◆ YOUR OBJECTIVE: Your answer must match the data word for word.

⟨

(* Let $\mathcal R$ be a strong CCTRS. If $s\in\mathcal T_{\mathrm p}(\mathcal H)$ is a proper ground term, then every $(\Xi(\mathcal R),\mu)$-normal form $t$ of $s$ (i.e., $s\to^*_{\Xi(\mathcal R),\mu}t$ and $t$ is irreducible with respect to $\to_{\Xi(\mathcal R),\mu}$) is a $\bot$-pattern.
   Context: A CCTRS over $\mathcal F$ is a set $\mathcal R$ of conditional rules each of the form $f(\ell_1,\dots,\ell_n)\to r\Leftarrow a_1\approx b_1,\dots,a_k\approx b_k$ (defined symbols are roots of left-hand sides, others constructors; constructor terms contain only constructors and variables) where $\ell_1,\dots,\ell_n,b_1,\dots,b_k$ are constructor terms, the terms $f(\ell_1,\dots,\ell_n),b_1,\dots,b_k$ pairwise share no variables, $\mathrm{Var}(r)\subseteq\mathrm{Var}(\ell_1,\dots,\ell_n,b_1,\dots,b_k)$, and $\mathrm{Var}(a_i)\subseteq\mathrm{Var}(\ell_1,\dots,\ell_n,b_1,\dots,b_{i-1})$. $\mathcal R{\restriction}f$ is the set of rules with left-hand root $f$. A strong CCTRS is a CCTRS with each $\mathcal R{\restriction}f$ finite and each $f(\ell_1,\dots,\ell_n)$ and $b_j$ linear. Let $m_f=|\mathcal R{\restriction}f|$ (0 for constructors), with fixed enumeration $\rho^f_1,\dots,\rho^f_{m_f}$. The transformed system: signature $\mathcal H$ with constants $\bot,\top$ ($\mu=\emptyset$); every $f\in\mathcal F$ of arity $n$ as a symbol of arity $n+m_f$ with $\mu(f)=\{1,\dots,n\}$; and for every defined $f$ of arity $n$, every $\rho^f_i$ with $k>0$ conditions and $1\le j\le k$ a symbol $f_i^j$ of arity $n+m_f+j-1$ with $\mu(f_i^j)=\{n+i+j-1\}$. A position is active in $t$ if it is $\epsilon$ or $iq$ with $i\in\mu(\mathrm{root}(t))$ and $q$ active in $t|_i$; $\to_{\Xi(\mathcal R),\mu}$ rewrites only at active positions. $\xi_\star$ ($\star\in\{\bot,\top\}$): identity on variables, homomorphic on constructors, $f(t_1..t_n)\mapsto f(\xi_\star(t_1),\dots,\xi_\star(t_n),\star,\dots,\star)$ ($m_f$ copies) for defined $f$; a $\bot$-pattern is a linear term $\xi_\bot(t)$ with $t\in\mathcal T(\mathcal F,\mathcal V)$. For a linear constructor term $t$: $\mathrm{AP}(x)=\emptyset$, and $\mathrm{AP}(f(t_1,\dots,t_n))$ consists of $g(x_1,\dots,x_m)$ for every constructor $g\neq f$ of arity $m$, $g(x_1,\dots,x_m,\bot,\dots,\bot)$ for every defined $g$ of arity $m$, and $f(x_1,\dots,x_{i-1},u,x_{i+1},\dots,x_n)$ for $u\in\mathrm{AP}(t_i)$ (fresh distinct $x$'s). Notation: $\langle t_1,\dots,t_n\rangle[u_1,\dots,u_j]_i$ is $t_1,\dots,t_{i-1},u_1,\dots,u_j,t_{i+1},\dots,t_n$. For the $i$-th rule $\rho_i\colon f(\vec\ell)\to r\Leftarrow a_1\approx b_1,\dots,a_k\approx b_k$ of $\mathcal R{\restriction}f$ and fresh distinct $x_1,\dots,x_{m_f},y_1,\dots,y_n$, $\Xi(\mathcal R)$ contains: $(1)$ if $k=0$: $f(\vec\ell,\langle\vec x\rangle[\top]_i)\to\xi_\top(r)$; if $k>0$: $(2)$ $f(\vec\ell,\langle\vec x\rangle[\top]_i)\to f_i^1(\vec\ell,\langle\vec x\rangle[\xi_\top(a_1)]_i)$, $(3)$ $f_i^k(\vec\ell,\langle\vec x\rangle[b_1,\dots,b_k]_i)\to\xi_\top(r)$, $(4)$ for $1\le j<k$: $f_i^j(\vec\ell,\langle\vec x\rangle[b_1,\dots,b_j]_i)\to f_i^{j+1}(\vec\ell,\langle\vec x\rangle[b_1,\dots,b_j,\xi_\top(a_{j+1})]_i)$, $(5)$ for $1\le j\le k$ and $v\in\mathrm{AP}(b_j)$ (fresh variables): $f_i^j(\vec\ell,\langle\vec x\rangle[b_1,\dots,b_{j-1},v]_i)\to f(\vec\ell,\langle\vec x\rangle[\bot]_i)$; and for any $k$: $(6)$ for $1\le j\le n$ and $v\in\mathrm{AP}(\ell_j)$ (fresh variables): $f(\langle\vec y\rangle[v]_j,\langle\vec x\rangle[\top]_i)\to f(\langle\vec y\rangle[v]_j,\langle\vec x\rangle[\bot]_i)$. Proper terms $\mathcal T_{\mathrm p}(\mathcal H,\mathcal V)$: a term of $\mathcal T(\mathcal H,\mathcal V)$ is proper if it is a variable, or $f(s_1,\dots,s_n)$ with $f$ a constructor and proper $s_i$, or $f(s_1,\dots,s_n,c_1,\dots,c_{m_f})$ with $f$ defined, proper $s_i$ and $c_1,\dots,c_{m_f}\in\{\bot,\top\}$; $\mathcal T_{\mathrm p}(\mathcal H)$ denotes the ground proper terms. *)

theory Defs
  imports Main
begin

⟩

◆ SOLUTION BELOW:
(* Let $\mathcal R$ be a strong CCTRS. If $s\in\mathcal T_{\mathrm p}(\mathcal H)$ is a proper ground term, then every $(\Xi(\mathcal R),\mu)$-normal form $t$ of $s$ (i.e., $s\to^*_{\Xi(\mathcal R),\mu}t$ and $t$ is irreducible with respect to $\to_{\Xi(\mathcal R),\mu}$) is a $\bot$-pattern.
   Context: A CCTRS over $\mathcal F$ is a set $\mathcal R$ of conditional rules each of the form $f(\ell_1,\dots,\ell_n)\to r\Leftarrow a_1\approx b_1,\dots,a_k\approx b_k$ (defined symbols are roots of left-hand sides, others constructors; constructor terms contain only constructors and variables) where $\ell_1,\dots,\ell_n,b_1,\dots,b_k$ are constructor terms, the terms $f(\ell_1,\dots,\ell_n),b_1,\dots,b_k$ pairwise share no variables, $\mathrm{Var}(r)\subseteq\mathrm{Var}(\ell_1,\dots,\ell_n,b_1,\dots,b_k)$, and $\mathrm{Var}(a_i)\subseteq\mathrm{Var}(\ell_1,\dots,\ell_n,b_1,\dots,b_{i-1})$. $\mathcal R{\restriction}f$ is the set of rules with left-hand root $f$. A strong CCTRS is a CCTRS with each $\mathcal R{\restriction}f$ finite and each $f(\ell_1,\dots,\ell_n)$ and $b_j$ linear. Let $m_f=|\mathcal R{\restriction}f|$ (0 for constructors), with fixed enumeration $\rho^f_1,\dots,\rho^f_{m_f}$. The transformed system: signature $\mathcal H$ with constants $\bot,\top$ ($\mu=\emptyset$); every $f\in\mathcal F$ of arity $n$ as a symbol of arity $n+m_f$ with $\mu(f)=\{1,\dots,n\}$; and for every defined $f$ of arity $n$, every $\rho^f_i$ with $k>0$ conditions and $1\le j\le k$ a symbol $f_i^j$ of arity $n+m_f+j-1$ with $\mu(f_i^j)=\{n+i+j-1\}$. A position is active in $t$ if it is $\epsilon$ or $iq$ with $i\in\mu(\mathrm{root}(t))$ and $q$ active in $t|_i$; $\to_{\Xi(\mathcal R),\mu}$ rewrites only at active positions. $\xi_\star$ ($\star\in\{\bot,\top\}$): identity on variables, homomorphic on constructors, $f(t_1..t_n)\mapsto f(\xi_\star(t_1),\dots,\xi_\star(t_n),\star,\dots,\star)$ ($m_f$ copies) for defined $f$; a $\bot$-pattern is a linear term $\xi_\bot(t)$ with $t\in\mathcal T(\mathcal F,\mathcal V)$. For a linear constructor term $t$: $\mathrm{AP}(x)=\emptyset$, and $\mathrm{AP}(f(t_1,\dots,t_n))$ consists of $g(x_1,\dots,x_m)$ for every constructor $g\neq f$ of arity $m$, $g(x_1,\dots,x_m,\bot,\dots,\bot)$ for every defined $g$ of arity $m$, and $f(x_1,\dots,x_{i-1},u,x_{i+1},\dots,x_n)$ for $u\in\mathrm{AP}(t_i)$ (fresh distinct $x$'s). Notation: $\langle t_1,\dots,t_n\rangle[u_1,\dots,u_j]_i$ is $t_1,\dots,t_{i-1},u_1,\dots,u_j,t_{i+1},\dots,t_n$. For the $i$-th rule $\rho_i\colon f(\vec\ell)\to r\Leftarrow a_1\approx b_1,\dots,a_k\approx b_k$ of $\mathcal R{\restriction}f$ and fresh distinct $x_1,\dots,x_{m_f},y_1,\dots,y_n$, $\Xi(\mathcal R)$ contains: $(1)$ if $k=0$: $f(\vec\ell,\langle\vec x\rangle[\top]_i)\to\xi_\top(r)$; if $k>0$: $(2)$ $f(\vec\ell,\langle\vec x\rangle[\top]_i)\to f_i^1(\vec\ell,\langle\vec x\rangle[\xi_\top(a_1)]_i)$, $(3)$ $f_i^k(\vec\ell,\langle\vec x\rangle[b_1,\dots,b_k]_i)\to\xi_\top(r)$, $(4)$ for $1\le j<k$: $f_i^j(\vec\ell,\langle\vec x\rangle[b_1,\dots,b_j]_i)\to f_i^{j+1}(\vec\ell,\langle\vec x\rangle[b_1,\dots,b_j,\xi_\top(a_{j+1})]_i)$, $(5)$ for $1\le j\le k$ and $v\in\mathrm{AP}(b_j)$ (fresh variables): $f_i^j(\vec\ell,\langle\vec x\rangle[b_1,\dots,b_{j-1},v]_i)\to f(\vec\ell,\langle\vec x\rangle[\bot]_i)$; and for any $k$: $(6)$ for $1\le j\le n$ and $v\in\mathrm{AP}(\ell_j)$ (fresh variables): $f(\langle\vec y\rangle[v]_j,\langle\vec x\rangle[\top]_i)\to f(\langle\vec y\rangle[v]_j,\langle\vec x\rangle[\bot]_i)$. Proper terms $\mathcal T_{\mathrm p}(\mathcal H,\mathcal V)$: a term of $\mathcal T(\mathcal H,\mathcal V)$ is proper if it is a variable, or $f(s_1,\dots,s_n)$ with $f$ a constructor and proper $s_i$, or $f(s_1,\dots,s_n,c_1,\dots,c_{m_f})$ with $f$ defined, proper $s_i$ and $c_1,\dots,c_{m_f}\in\{\bot,\top\}$; $\mathcal T_{\mathrm p}(\mathcal H)$ denotes the ground proper terms. *)

theory Defs
  imports Main
begin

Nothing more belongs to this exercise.